--- DATA SHOWN ---
(* Let $T=\mathrm{diag}(t_1,t_2,t_3)$ with $t_1t_2t_3\neq 0$ be such that the T-state $\rho_T$ is a valid density operator, and suppose $2\pi N_T|\det T|=1$. Define the probability density $P(\boldsymbol n)=N_T(\boldsymbol n^\intercal T^{-2}\boldsymbol n)^{-2}$ on $S^2$ and, for each unit vector $\boldsymbol e\in S^2$, the region $\mathcal R[\boldsymbol e]=\{\boldsymbol n\in S^2:\ \boldsymbol n\cdot T^{-1}\boldsymbol e\geq 0\}$ (i.e. the deterministic response $p(1|\boldsymbol e,\boldsymbol n)=1$ if $\boldsymbol n\in\mathcal R[\boldsymbol e]$ and $0$ otherwise). Then for every unit vector $\boldsymbol e$, \[ \int_{\mathcal R[\boldsymbol e]}P(\boldsymbol n)\,\mathrm{d}^2\boldsymbol n=\tfrac12,\qquad \int_{\mathcal R[\boldsymbol e]}P(\boldsymbol n)\,\boldsymbol n\,\mathrm{d}^2\boldsymbol n=\tfrac12\,T\boldsymbol e . \] Consequently, $\rho_T$ admits a local hidden state model for Bob with respect to all projective measurements by Alice: for every projector $E=\tfrac12(\mathbb 1+\boldsymbol e\cdot\boldsymbol\sigma)$, $|\boldsymbol e|=1$, \[ \mathrm{tr}_A[\rho_T\,(E\otimes\mathbb 1)]=\int_{S^2}P(\boldsymbol n)\,p(1|\boldsymbol e,\boldsymbol n)\,\tfrac12(\mathbb 1+\boldsymbol n\cdot\boldsymbol\sigma)\,\mathrm{d}^2\boldsymbol n,\qquad \mathrm{tr}[\rho_T(E\otimes\mathbb 1)]=\int_{S^2}P(\boldsymbol n)\,p(1|\boldsymbol e,\boldsymbol n)\,\mathrm{d}^2\boldsymbol n, \] so $\rho_T$ is not EPR-steerable by Alice using projective measurements.
   Context: $\boldsymbol\sigma=(\sigma_1,\sigma_2,\sigma_3)$ are the Pauli matrices. A T-state is the two-qubit state $\rho_T=\frac14\big(\mathbb 1\otimes\mathbb 1+\sum_{j=1}^3 t_j\,\sigma_j\otimes\sigma_j\big)$. $S^2$ is the unit sphere with surface measure $\mathrm{d}^2\boldsymbol n$, and $N_T$ is defined by $N_T^{-1}=\int_{S^2}(\boldsymbol n^\intercal T^{-2}\boldsymbol n)^{-2}\,\mathrm{d}^2\boldsymbol n$. For a projector $E$ on Alice's qubit, $\mathrm{tr}_A$ denotes the partial trace over Alice's qubit. A state is non-EPR-steerable by Alice (for projective measurements) if there exist a probability distribution over hidden variables $\lambda$, response probabilities $p(1|E,\lambda)\in[0,1]$ for each projector $E$ of Alice, and qubit states $\rho_B(\lambda)$ such that $\mathrm{tr}_A[\rho(E\otimes\mathbb 1)]=\sum_\lambda P(\lambda)p(1|E,\lambda)\rho_B(\lambda)$ for every projector $E$ (which also implies $\mathrm{tr}[\rho(E\otimes \mathbb 1)]=\sum_\lambda P(\lambda)p(1|E,\lambda)$); here the hidden variable is the unit vector $\boldsymbol n$ and $\rho_B(\boldsymbol n)=\tfrac12(\mathbb 1+\boldsymbol n\cdot\boldsymbol\sigma)$. *)

theory Defs
  imports "HOL-Analysis.Analysis"
begin

text \<open>The surface (area) measure on S^2 is realised through the cone construction:
  for g on S^2, the integral of g over S^2 w.r.t. surface measure equals
  3 times the Lebesgue integral over the unit ball of g(x/|x|).\<close>

definition sphere_integral :: "(real^3 \<Rightarrow> 'b::{banach,second_countable_topology}) \<Rightarrow> 'b" where
  "sphere_integral g = 3 *\<^sub>R (LINT x : ball 0 1 | lborel. g (x /\<^sub>R norm x))"

definition unit_sphere3 :: "(real^3) set" where
  "unit_sphere3 = sphere 0 1"

type_synonym cmat2 = "complex^2^2"
type_synonym cmat4 = "complex^(2\<times>2)^(2\<times>2)"

definition pauli :: "3 \<Rightarrow> cmat2" where
  "pauli k = (if k = 1 then vector [vector [0, 1], vector [1, 0]]
              else if k = 2 then vector [vector [0, -\<i>], vector [\<i>, 0]]
              else vector [vector [1, 0], vector [0, -1]])"
lemma mult_pow_neq_pow_mult_pos_pos:
  assumes x: "reduced_word A B x" "x \<noteq> []"
    and not_affix: "\<not> prefix g x" "\<not> prefix g_inv x" "\<not> suffix g_inv x"
  shows "x \<otimes>\<^bsub>F\<^esub> pos.pair_pow (Suc n) \<noteq> pos.pair_pow (Suc m) \<otimes>\<^bsub>F\<^esub> x"
proof
  define P where "P = x \<otimes>\<^bsub>F\<^esub> g"
  define Q where "Q = g \<otimes>\<^bsub>F\<^esub> x"
  have not_affix': "\<not> suffix [letter_inv A B (Inr b), letter_inv A B (Inl a)] x"
    "\<not> prefix [letter_inv A B (Inr b), letter_inv A B (Inl a)] x"
    using not_affix by simp_all
  note P = pos.pair_mult_right[OF x not_affix'(1), folded P_def]
  note Q = pos.pair_mult_left[OF x not_affix'(2), folded Q_def]
  assume "x \<otimes>\<^bsub>F\<^esub> pos.pair_pow (Suc n) = pos.pair_pow (Suc m) \<otimes>\<^bsub>F\<^esub> x"
  then have PQ: "P @ pos.pair_pow n = pos.pair_pow m @ Q"
    using pos.pair_pow_mult_right[OF x not_affix'(1)] pos.pair_pow_mult_left[OF x not_affix'(2)]
    by (simp add: P_def Q_def)
  have "isl (hd (pos.pair_pow m @ Q))"
    using pos.hd_last_pair_pow[of m] Q(1,2) by (cases m) (auto simp: hd_append)
  then have "isl (hd P)"
    using PQ P(1) by (metis hd_append2)
  then have "x \<noteq> [Inl (inv\<^bsub>A\<^esub> a)]"
    using P(4) by auto
  with \<open>isl (hd P)\<close> have x_hd: "x \<noteq> [Inl (inv\<^bsub>A\<^esub> a)]" "isl (hd x)"
    using P(3) by simp_all
  have "\<not> isl (last (P @ pos.pair_pow n))"
    using pos.hd_last_pair_pow[of n] P(1,2) by (cases n) auto
  then have "\<not> isl (last Q)"
    using PQ Q(1) by (metis last_appendR)
  then have "x \<noteq> [Inr (inv\<^bsub>B\<^esub> b)]"
    using Q(4) by auto
  with \<open>\<not> isl (last Q)\<close> have x_last: "x \<noteq> [Inr (inv\<^bsub>B\<^esub> b)]" "\<not> isl (last x)"
    using Q(3) by simp_all
  have "x @ g @ pos.pair_pow n = (pos.pair_pow m @ g) @ x"
    using PQ P(5) Q(5) x_hd x_last by simp
  then have "x @ g @ pos.pair_pow n = g @ pos.pair_pow m @ x"
    by (simp only: pos.pair_pow_commute append_assoc)
  moreover obtain p q r where "x = p # q # r"
    using x(2) x_hd x_last by (cases x rule: list.exhaust; cases "tl x") auto
  ultimately show False
    using not_affix(1) by (simp add: prefix_def)
qed

text \<open>This is where \<open>not_both_involutions\<close> is needed: if \<open>a\<^sup>2 = b\<^sup>2 = 1\<close>, then \<open>x = a\<close> and
  \<open>x = b\<^sup>-\<^sup>1\<close> conjugate \<open>g\<close> into \<open>g\<^sup>-\<^sup>1\<close>.\<close>

lemma mult_pow_neq_pow_mult_pos_neg:
  assumes x: "reduced_word A B x" "x \<noteq> []"
    and not_affix: "\<not> prefix g x" "\<not> prefix g_inv x" "\<not> suffix g_inv x"
  shows "x \<otimes>\<^bsub>F\<^esub> pos.pair_pow (Suc n) \<noteq> neg.pair_pow (Suc m) \<otimes>\<^bsub>F\<^esub> x"
proof
  define P where "P = x \<otimes>\<^bsub>F\<^esub> g"
  define Q where "Q = g_inv \<otimes>\<^bsub>F\<^esub> x"
  have not_affix': "\<not> suffix [letter_inv A B (Inr b), letter_inv A B (Inl a)] x"
    "\<not> prefix [letter_inv A B (Inl (inv\<^bsub>A\<^esub> a)), letter_inv A B (Inr (inv\<^bsub>B\<^esub> b))] x"
    using not_affix a b by simp_all
  note P = pos.pair_mult_right[OF x not_affix'(1), folded P_def]
  note Q = neg.pair_mult_left[OF x not_affix'(2), folded Q_def]
  assume "x \<otimes>\<^bsub>F\<^esub> pos.pair_pow (Suc n) = neg.pair_pow (Suc m) \<otimes>\<^bsub>F\<^esub> x"
  then have PQ: "P @ pos.pair_pow n = neg.pair_pow m @ Q"
    using pos.pair_pow_mult_right[OF x not_affix'(1)] neg.pair_pow_mult_left[OF x not_affix'(2)]
    by (simp add: P_def Q_def)
  have "\<not> isl (hd (neg.pair_pow m @ Q))"
    using neg.hd_last_pair_pow[of m] Q(1,2) by (cases m) (auto simp: hd_append)
  then have "\<not> isl (hd P)"
    using PQ P(1) by (metis hd_append2)
  then have x_hd: "x = [Inl (inv\<^bsub>A\<^esub> a)] \<or> \<not> isl (hd x)"
    using P(3) by auto
  have "\<not> isl (last (P @ pos.pair_pow n))"
    using pos.hd_last_pair_pow[of n] P(1,2) by (cases n) auto
  then have "\<not> isl (last Q)"
    using PQ Q(1) by (metis last_appendR)
  then have x_last: "x = [Inl a] \<or> \<not> isl (last x)"
    using Q(3) a by auto
  show False
  proof (cases "isl (hd x)")
    case True
    then have "x = [Inl (inv\<^bsub>A\<^esub> a)]" "x = [Inl a]"
      using x_hd x_last by auto
    then have "inv\<^bsub>A\<^esub> a = a" "P = [Inr b]" "Q = [Inr (inv\<^bsub>B\<^esub> b)]"
      using P(4) Q(4) a by simp_all
    then have "Inr b = hd (neg.pair_pow m @ [Inr (inv\<^bsub>B\<^esub> b)])"
      using PQ by (metis append_Cons list.sel(1))
    also have "\<dots> = Inr (inv\<^bsub>B\<^esub> b)"
      using neg.hd_last_pair_pow[of m] by (cases m) auto
    finally show False
      using \<open>inv\<^bsub>A\<^esub> a = a\<close> not_both_involutions by simp
  next
    case False
    then have "\<not> isl (last x)" using x_last by auto
    then have "x @ g @ pos.pair_pow n = (neg.pair_pow m @ g_inv) @ x"
      using PQ P(5) Q(5) False by simp
    then have eq: "x @ g @ pos.pair_pow n = g_inv @ neg.pair_pow m @ x"
      by (simp only: neg.pair_pow_commute append_assoc)
    obtain p r where x_Cons: "x = p # r" using x(2) by (cases x) auto
    show False
    proof (cases r)
      case Nil
      then have "inv\<^bsub>A\<^esub> a = a" "Inr b # pos.pair_pow n = neg.pair_pow m @ [p]"
        using eq x_Cons by auto
      moreover have "last (Inr b # pos.pair_pow n) = Inr b"
        using pos.hd_last_pair_pow[of n] by (cases n) auto
      ultimately show False
        using eq x_Cons Nil not_both_involutions by auto
    next
      case (Cons q r')
      then show False using eq x_Cons not_affix(2) by (simp add: prefix_def)
    qed
  qed
qed
(* Let $C_0(h)=\frac{m^1h^{-\kappa-1}\big(h+\frac{f(I)}{\delta}\big)}{(1-\alpha)\delta}e^{\delta\kappa T}+1$ and $c_1=\frac12\big(\frac{\alpha\theta}{1-\alpha}\big)^2+\frac{\alpha}{1-\alpha}\big(r+\frac12\theta^2\big)>0$. Then $$0\le W_h(t,z,h)\le z^{\frac{\alpha}{\alpha-1}}(1-\alpha)\alpha^{\frac{\alpha}{1-\alpha}}C_0(h)\frac{e^{c_1T}}{c_1}\quad\text{for all }(t,z,h)\in\mathcal{O}.$$ Moreover, $\lim_{z\to\infty}W_h(t,z,h)=0$ and $\lim_{z\to0}W_h(t,z,h)=\infty$ for $(t,h)\in[0,T)\times\mathbb{R}_+$.
   Context: Fix constants $T>0$, $r>0$, $\mu\in\mathbb{R}$, $\sigma>0$, $\rho>0$, $m^0\ge 0$, $m^1\ge 0$, $\kappa>0$, $\delta>0$, $\alpha\in(0,1)$, $I>0$ and a number $f(I)>0$. Write $\mathbb{R}_+=(0,\infty)$, $\mathcal{O}=[0,T]\times\mathbb{R}_+^2$, $\theta=(\mu-r)/\sigma$. Let $B$ be a standard Brownian motion. Let $\widehat u(z,h)=(1-\alpha)(z/\alpha)^{\alpha/(\alpha-1)}h$. For $(t,z,h)\in\mathcal{O}$ and $s\in[t,T]$ let $H^2_s=he^{-\delta(s-t)}+\frac{f(I)}{\delta}(1-e^{-\delta(s-t)})$, $M^{H^2}_s=m^0+m^1(H^2_s)^{-\kappa}$, and let $Z^2$ solve $dZ^2_s=(\rho-r+M^{H^2}_s)Z^2_s\,ds-\theta Z^2_s\,dB_s$, $Z^2_t=z$. Define $W(t,z,h)=\mathbb{E}\big[\int_t^T e^{-\int_t^s(\rho+M^{H^2}_u)du}\,\widehat u(Z^2_s,H^2_s)\,ds\big]$, and let $W_h$ be its partial derivative in $h$. *)

theory Defs
  imports "HOL-Probability.Probability"
begin

definition std_BM :: "'a measure \<Rightarrow> (real \<Rightarrow> 'a \<Rightarrow> real) \<Rightarrow> bool" where
  "std_BM M B \<longleftrightarrow> prob_space M
     \<and> (\<forall>s. B s \<in> borel_measurable M)
     \<and> (\<forall>\<omega>\<in>space M. B 0 \<omega> = 0)
     \<and> (\<forall>\<omega>\<in>space M. continuous_on {0..} (\<lambda>s. B s \<omega>))
     \<and> (\<forall>t s. 0 \<le> t \<and> t < s \<longrightarrow>
          distributed M lborel (\<lambda>\<omega>. B s \<omega> - B t \<omega>)
            (\<lambda>x. ennreal (normal_density 0 (sqrt (s - t)) x)))
     \<and> (\<forall>(ts::nat \<Rightarrow> real) n. 0 \<le> ts 0 \<and> (\<forall>i<n. ts i \<le> ts (Suc i)) \<longrightarrow>
          prob_space.indep_vars M (\<lambda>_. borel) (\<lambda>i \<omega>. B (ts (Suc i)) \<omega> - B (ts i) \<omega>) {..<n})"

definition u_hat :: "real \<Rightarrow> real \<Rightarrow> real \<Rightarrow> real" where
  "u_hat \<alpha> z h = (1 - \<alpha>) * (z / \<alpha>) powr (\<alpha> / (\<alpha> - 1)) * h"

definition H2 :: "real \<Rightarrow> real \<Rightarrow> real \<Rightarrow> real \<Rightarrow> real \<Rightarrow> real" where
  "H2 \<delta> fI t h s = h * exp (- \<delta> * (s - t)) + fI / \<delta> * (1 - exp (- \<delta> * (s - t)))"

definition MH2 :: "real \<Rightarrow> real \<Rightarrow> real \<Rightarrow> real \<Rightarrow> real \<Rightarrow> real \<Rightarrow> real \<Rightarrow> real \<Rightarrow> real" where
  "MH2 m0 m1 \<kappa> \<delta> fI t h s = m0 + m1 * (H2 \<delta> fI t h s) powr (- \<kappa>)"
text \<open>A suitable \<sigma> in S sends iota m to some iota y with y of degree k + deg \<sigma>. The torsion
  element \<sigma> m - y has the components \<sigma> c_j (j \<noteq> k) and \<sigma> c_k - y, all of which
  some \<tau> in S kills; then \<tau> \<sigma> kills every c_j with j \<noteq> k.\<close>
lemma ore_set_annihilates_off_degree_components:
  assumes sg: "sg_ring Rg" and lsg: "lsg_module Rg Mc Mact Mg"
    and mq: "module_of_quotients tn Rg Mc Mact Qc Qact iota"
    and good: "good_ore_set Rg S" and pos: "S \<inter> graded_span Rg (\<lambda>k. k \<ge> 1) \<noteq> {}"
    and F: "finite F" and kF: "k \<in> F" and c: "\<And>j. c j \<in> Mg j"
    and hom: "iota (sum c F) \<in> Q_grading Rg Mc Mg Qc Qact iota k"
  shows "\<exists>\<rho>\<in>S. Mact \<rho> (sum c (F - {k})) = 0"
proof -
  have lm: "lmodule Mc Mact" and dg: "direct_grading Mc Mg"
    and act: "\<forall>n m. \<forall>r\<in>Rp Rg n. \<forall>x\<in>Mg m. Mact r x \<in> Mg (n + m)"
    using lsg unfolding lsg_module_def sg_module_def by auto
  have Mg_sub: "Mg n \<subseteq> Mc" and Mg_grp: "add_subgroup (Mg n)" for n
    using dg unfolding direct_grading_def by blast+
  have iota: "is_hom Mc Mact Qc Qact iota" and tz: "\<forall>x\<in>Mc. iota x = 0 \<longleftrightarrow> torsion_elem Rg Mact x"
    using mq unfolding module_of_quotients_def by blast+
  have cM: "c j \<in> Mc" for j using c Mg_sub by blast
  define m where "m = sum c F"
  have m: "m \<in> Mc" unfolding m_def using cM by (simp add: lmodule_sum[OF lm])
  obtain n t where hom_nt: "\<forall>d. \<forall>s\<in>ideal_pow (Rge Rg n) t \<inter> Rp Rg d. Qact s (iota m) \<in> iota ` Mg (k + d)"
    using hom unfolding Q_grading_def m_def by blast
  obtain \<sigma> D where \<sigma>: "\<sigma> \<in> S" "\<sigma> \<in> Rp Rg D" "\<sigma> \<in> ideal_pow (Rge Rg n) t"
    using good_ore_set_meets_ideal_pow_Rge[OF sg good pos] by blast
  obtain y where y: "y \<in> Mg (k + D)" and \<sigma>m: "Qact \<sigma> (iota m) = iota y"
    using hom_nt \<sigma> by blast
  have yM: "y \<in> Mc" using y Mg_sub by blast
  have "iota (Mact \<sigma> m - y) = 0"
    using \<sigma>m is_hom_act[OF iota m] is_hom_diff[OF iota lm lmodule_act[OF lm m] yM] by simp
  then have tor: "torsion_elem Rg Mact (Mact \<sigma> m - y)"
    using tz lmodule_diff[OF lm lmodule_act[OF lm m] yM] by blast
  define w where "w j = Mact \<sigma> (c j) - (if j = k then y else 0)" for j
  have "sum w F = (\<Sum>j\<in>F. Mact \<sigma> (c j)) - (\<Sum>j\<in>F. if j = k then y else 0)"
    unfolding w_def by (rule sum_subtractf)
  also have "\<dots> = Mact \<sigma> m - y"
    using F kF lmodule_act_sum_right[OF lm, of F c] cM by (simp add: m_def)
  finally have "torsion_elem Rg Mact (sum w F)" using tor by simp
  moreover have "w j \<in> Mg (D + j)" for j
  proof -
    have "Mact \<sigma> (c j) \<in> Mg (D + j)" using act \<sigma>(2) c by blast
    moreover have "y \<in> Mg (D + k)" using y by (simp add: add.commute)
    ultimately show ?thesis
      using add_subgroup_diff[OF Mg_grp] by (cases "j = k") (simp_all add: w_def)
  qed
  ultimately obtain \<tau> where \<tau>: "\<tau> \<in> S" "\<forall>j\<in>F. Mact \<tau> (w j) = 0"
    using torsion_sum_annihilated_componentwise[OF sg lsg good pos F, of "(+) D" w] by auto
  have \<tau>\<sigma>: "\<tau> * \<sigma> \<in> S"
    using \<tau>(1) \<sigma>(1) good unfolding good_ore_set_def left_ore_set_def by blast
  have "sum c (F - {k}) \<in> Mc" using cM by (simp add: lmodule_sum[OF lm])
  then have "Mact (\<tau> * \<sigma>) (sum c (F - {k})) = Mact \<tau> (Mact \<sigma> (sum c (F - {k})))"
    by (rule lmodule_act_mult[OF lm])
  also have "\<dots> = Mact \<tau> (\<Sum>j\<in>F - {k}. Mact \<sigma> (c j))"
    using lmodule_act_sum_right[OF lm, of "F - {k}" c] cM by simp
  also have "\<dots> = (\<Sum>j\<in>F - {k}. Mact \<tau> (Mact \<sigma> (c j)))"
    using lmodule_act_sum_right[OF lm, of "F - {k}" "\<lambda>j. Mact \<sigma> (c j)"] lmodule_act[OF lm cM] by simp
  also have "\<dots> = 0"
  proof (intro sum.neutral ballI)
    fix j assume j: "j \<in> F - {k}"
    then have "w j = Mact \<sigma> (c j)" by (simp add: w_def)
    then show "Mact \<tau> (Mact \<sigma> (c j)) = 0" using \<tau>(2) j by auto
  qed
  finally show ?thesis using \<tau>\<sigma> by blast
qed

lemma Q_grading_image_subset:
  assumes sch: "schematic Rg" and lsg: "lsg_module Rg Mc Mact Mg"
    and mq: "module_of_quotients tn Rg Mc Mact Qc Qact iota"
  shows "iota ` Mc \<inter> Q_grading Rg Mc Mg Qc Qact iota k \<subseteq> iota ` Mg k"
proof
  fix \<eta> assume \<eta>: "\<eta> \<in> iota ` Mc \<inter> Q_grading Rg Mc Mg Qc Qact iota k"
  have sg: "sg_ring Rg" using sch by (simp add: schematic_def pos_sg_ring_def)
  obtain \<I> where cover: "ore_cover Rg \<I>" using schematic_ore_cover[OF sch] by blast
  have lm: "lmodule Mc Mact" and dg: "direct_grading Mc Mg"
    using lsg unfolding lsg_module_def sg_module_def by auto
  have iota: "is_hom Mc Mact Qc Qact iota" and tz: "\<forall>x\<in>Mc. iota x = 0 \<longleftrightarrow> torsion_elem Rg Mact x"
    using mq unfolding module_of_quotients_def by blast+
  obtain m where m: "m \<in> Mc" and \<eta>m: "\<eta> = iota m" using \<eta> by blast
  obtain c where c_fin: "finite {n. c n \<noteq> 0}" and c: "\<And>n. c n \<in> Mg n"
    and mc: "m = sum c {n. c n \<noteq> 0}"
    using dg m unfolding direct_grading_def by blast
  define F where "F = insert k {n. c n \<noteq> 0}"
  have F: "finite F" and kF: "k \<in> F" using c_fin by (simp_all add: F_def)
  have "m = sum c F" unfolding mc F_def using c_fin by (intro sum.mono_neutral_left) auto
  have cM: "c j \<in> Mc" for j using c dg unfolding direct_grading_def by blast
  have "m - c k = sum c (F - {k})" using sum.remove[OF F kF, of c] \<open>m = sum c F\<close> by simp
  moreover have "\<exists>\<rho>\<in>S. Mact \<rho> (sum c (F - {k})) = 0" if "S \<in> \<I>" for S
  proof (rule ore_set_annihilates_off_degree_components[OF sg lsg mq _ _ F kF c])
    show "good_ore_set Rg S" "S \<inter> graded_span Rg (\<lambda>k. k \<ge> 1) \<noteq> {}"
      using cover that by (simp_all add: ore_cover_def)
    show "iota (sum c F) \<in> Q_grading Rg Mc Mg Qc Qact iota k"
      using \<eta> \<eta>m \<open>m = sum c F\<close> by (metis IntD2)
  qed
  ultimately have "torsion_elem Rg Mact (m - c k)"
    using ore_cover_torsion_elem[OF cover lm lmodule_diff[OF lm m cM], of k] by simp
  then have "iota (m - c k) = 0"
    using tz lmodule_diff[OF lm m cM] by blast
  then have "iota m = iota (c k)"
    using is_hom_diff[OF iota lm m cM] by simp
  then show "\<eta> \<in> iota ` Mg k" using \<eta>m c by blast
qed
---
» **TASK TO COMPLETE**: Please make an exact copy of the lines above from the line with "B s \<omega>))" through the line with "fI / \<delta>", both ends included.

» **WRITTEN RESPONSE**:
     \<and> (\<forall>\<omega>\<in>space M. continuous_on {0..} (\<lambda>s. B s \<omega>))
     \<and> (\<forall>t s. 0 \<le> t \<and> t < s \<longrightarrow>
          distributed M lborel (\<lambda>\<omega>. B s \<omega> - B t \<omega>)
            (\<lambda>x. ennreal (normal_density 0 (sqrt (s - t)) x)))
     \<and> (\<forall>(ts::nat \<Rightarrow> real) n. 0 \<le> ts 0 \<and> (\<forall>i<n. ts i \<le> ts (Suc i)) \<longrightarrow>
          prob_space.indep_vars M (\<lambda>_. borel) (\<lambda>i \<omega>. B (ts (Suc i)) \<omega> - B (ts i) \<omega>) {..<n})"

definition u_hat :: "real \<Rightarrow> real \<Rightarrow> real \<Rightarrow> real" where
  "u_hat \<alpha> z h = (1 - \<alpha>) * (z / \<alpha>) powr (\<alpha> / (\<alpha> - 1)) * h"

definition H2 :: "real \<Rightarrow> real \<Rightarrow> real \<Rightarrow> real \<Rightarrow> real \<Rightarrow> real" where
  "H2 \<delta> fI t h s = h * exp (- \<delta> * (s - t)) + fI / \<delta> * (1 - exp (- \<delta> * (s - t)))"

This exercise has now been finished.